CENTERLINES_LAYER_URL = (
    "https://services.arcgis.com/8Pc9XBTAsYuxx9Ny/arcgis/rest/services/GeoStreets_gdb/FeatureServer/0"
)

METERS_CRS = 26917  # UTM 17N (Miami area)
BUFFER_FEET = 50.0
BUFFER_METERS = BUFFER_FEET * 0.3048

ENDPOINT_SNAP_M = 0.25
NODE_SNAP_TOL_M = 200.0  # increase to 250-300 if still not snapping


# -----------------------------
# ARCGIS DOWNLOAD (EsriJSON)
# -----------------------------
def arcgis_download_all_esrijson(layer_url: str, where="1=1", out_fields="*", chunk=2000):
    feats = []
    offset = 0
    while True:
        params = {
            "f": "json",
            "where": where,
            "outFields": out_fields,
            "returnGeometry": "true",
            "outSR": 4326,
            "resultOffset": offset,
            "resultRecordCount": chunk,
        }
        r = requests.get(f"{layer_url}/query", params=params, timeout=180)
        r.raise_for_status()
        js = r.json()
        batch = js.get("features", [])
        if not batch:
            break
        feats.extend(batch)
        offset += len(batch)
        if len(batch) < chunk:
            break

    return {
        "displayFieldName": "",
        "fieldAliases": {},
        "geometryType": "esriGeometryPolyline",
        "spatialReference": {"wkid": 4326},
        "features": feats,
    }


# -----------------------------
# STRING NORMALIZATION + EXTRACTION
# -----------------------------
_DIR_MAP = {
    "N": "N", "NORTH": "N",
    "S": "S", "SOUTH": "S",
    "E": "E", "EAST": "E",
    "W": "W", "WEST": "W",
    "NE": "NE", "NORTHEAST": "NE",
    "NW": "NW", "NORTHWEST": "NW",
    "SE": "SE", "SOUTHEAST": "SE",
    "SW": "SW", "SOUTHWEST": "SW",
}

_TYPE_MAP = {
    "ST": "ST", "STREET": "ST",
    "AVE": "AVE", "AV": "AVE", "AVENUE": "AVE",
    "BLVD": "BLVD", "BOULEVARD": "BLVD",
    "RD": "RD", "ROAD": "RD",
    "DR": "DR", "DRIVE": "DR",
    "CT": "CT", "COURT": "CT",
    "LN": "LN", "LANE": "LN",
    "TER": "TER", "TERRACE": "TER",
    "PL": "PL", "PLACE": "PL",
    "CIR": "CIR", "CIRCLE": "CIR",
    "HWY": "HWY", "HIGHWAY": "HWY",
    "PKWY": "PKWY", "PARKWAY": "PKWY",
}

SHORT_DIRS = {"N", "S", "E", "W", "NE", "NW", "SE", "SW"}

# Strip ordinal suffixes: 5TH -> 5 (helps align naming conventions)
_ORDINAL_RE = re.compile(r"\b(\d+)(ST|ND|RD|TH)\b", re.IGNORECASE)
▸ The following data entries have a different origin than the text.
section \<open>The center of SU(n)\<close>

lemma ZSU_off_diagonal:
  assumes "c \<in> ZSU" and "j \<noteq> k"
  shows "c $ j $ k = 0"
proof -
  define f where "f i = (if i = j then \<i> else if i = k then - \<i> else 1)" for i
  have "prod f UNIV = f j * prod f (UNIV - {j})"
    by (simp add: prod.remove)
  also have "prod f (UNIV - {j}) = f k * prod f (UNIV - {j} - {k})"
    using assms(2) by (simp add: prod.remove)
  also have "prod f (UNIV - {j} - {k}) = 1"
    by (rule prod.neutral) (simp add: f_def)
  finally have "diag_mat f \<in> SU"
    using assms(2) by (intro diag_mat_in_SU) (auto simp: f_def)
  then have "(c ** diag_mat f) $ j $ k = (diag_mat f ** c) $ j $ k"
    using assms(1) by (simp add: ZSU_def)
  then have "c $ j $ k * (- \<i>) = \<i> * c $ j $ k"
    using assms(2) by (simp add: diag_mat_mult_left diag_mat_mult_right f_def)
  then show ?thesis
    by (simp add: algebra_simps)
qed

text \<open>The rotation by a right angle in the coordinate plane of \<open>j\<close> and \<open>k\<close>.\<close>
definition rotation_mat :: "'n \<Rightarrow> 'n \<Rightarrow> complex^'n^'n" where
  "rotation_mat j k =
     (\<chi> a b. if Transposition.transpose j k a = b then (if b = j then -1 else 1) else 0)"

lemma rotation_mat_in_SU:
  assumes "j \<noteq> k"
  shows "rotation_mat j k \<in> SU"
proof -
  let ?t = "Transposition.transpose j k"
  let ?f = "\<lambda>a. if a = j then -1 else 1 :: complex"
  have "rotation_mat j k = (\<chi> a. diag_mat ?f $ ?t a)"
    by (auto simp: rotation_mat_def diag_mat_def vec_eq_iff)
  then have "det (rotation_mat j k) = of_int (sign ?t) * prod ?f UNIV"
    by (simp add: det_permute_rows permutes_swap_id det_diag_mat)
  also have "prod ?f UNIV = ?f j * prod ?f (UNIV - {j})"
    by (simp add: prod.remove)
  also have "prod ?f (UNIV - {j}) = 1"
    by (rule prod.neutral) simp
  finally have det: "det (rotation_mat j k) = 1"
    using assms by (simp add: sign_swap_id)
  have "(\<Sum>c\<in>UNIV. rotation_mat j k $ a $ c * cnj (rotation_mat j k $ b $ c)) =
        (if a = b then 1 else 0)" for a b
  proof -
    have "(\<Sum>c\<in>UNIV. rotation_mat j k $ a $ c * cnj (rotation_mat j k $ b $ c)) =
          (\<Sum>c\<in>UNIV. if c = ?t a then (if ?t a = ?t b then 1 else 0) else 0)"
      by (rule sum.cong) (auto simp: rotation_mat_def)
    then show ?thesis
      by (simp add: sum.delta') (metis transpose_eq_imp_eq)
  qed
  then have "rotation_mat j k ** cadj (rotation_mat j k) = mat 1"
    by (simp add: matrix_matrix_mult_def cadj_def vec_eq_iff mat_def)
  with det show ?thesis
    by (simp add: SU_iff)
qed

lemma ZSU_imp_scalar:
  assumes "c \<in> ZSU"
  shows "\<exists>\<zeta>. c = mat \<zeta>"
proof -
  have diag: "c = diag_mat (\<lambda>a. c $ a $ a)"
    using ZSU_off_diagonal[OF assms] by (auto simp: diag_mat_def vec_eq_iff)
  have "c $ j $ j = c $ k $ k" if "j \<noteq> k" for j k
  proof -
    have "(c ** rotation_mat j k) $ j $ k = (rotation_mat j k ** c) $ j $ k"
      using assms rotation_mat_in_SU[OF that] by (simp add: ZSU_def)
    then have "c $ j $ j * rotation_mat j k $ j $ k = rotation_mat j k $ j $ k * c $ k $ k"
      by (subst (asm) (1 2) diag) (simp only: diag_mat_mult_left diag_mat_mult_right vec_lambda_beta)
    then show ?thesis
      using that by (simp add: rotation_mat_def)
  qed
  then have "c = mat (c $ j $ j)" for j
    using ZSU_off_diagonal[OF assms] by (auto simp: mat_def vec_eq_iff) metis
  then show ?thesis
    by blast
qed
# Strip leading “North,” / “North and South,” style junk in some descriptions
_LEADING_DIRECTIONAL_PHRASE = re.compile(
    r"^\s*(north and south|south and north|east and west|west and east|north|south|east|west)\s*,?\s+",
    re.IGNORECASE
)

def strip_leading_directional_phrase(s: str) -> str:
    return _LEADING_DIRECTIONAL_PHRASE.sub("", s).strip()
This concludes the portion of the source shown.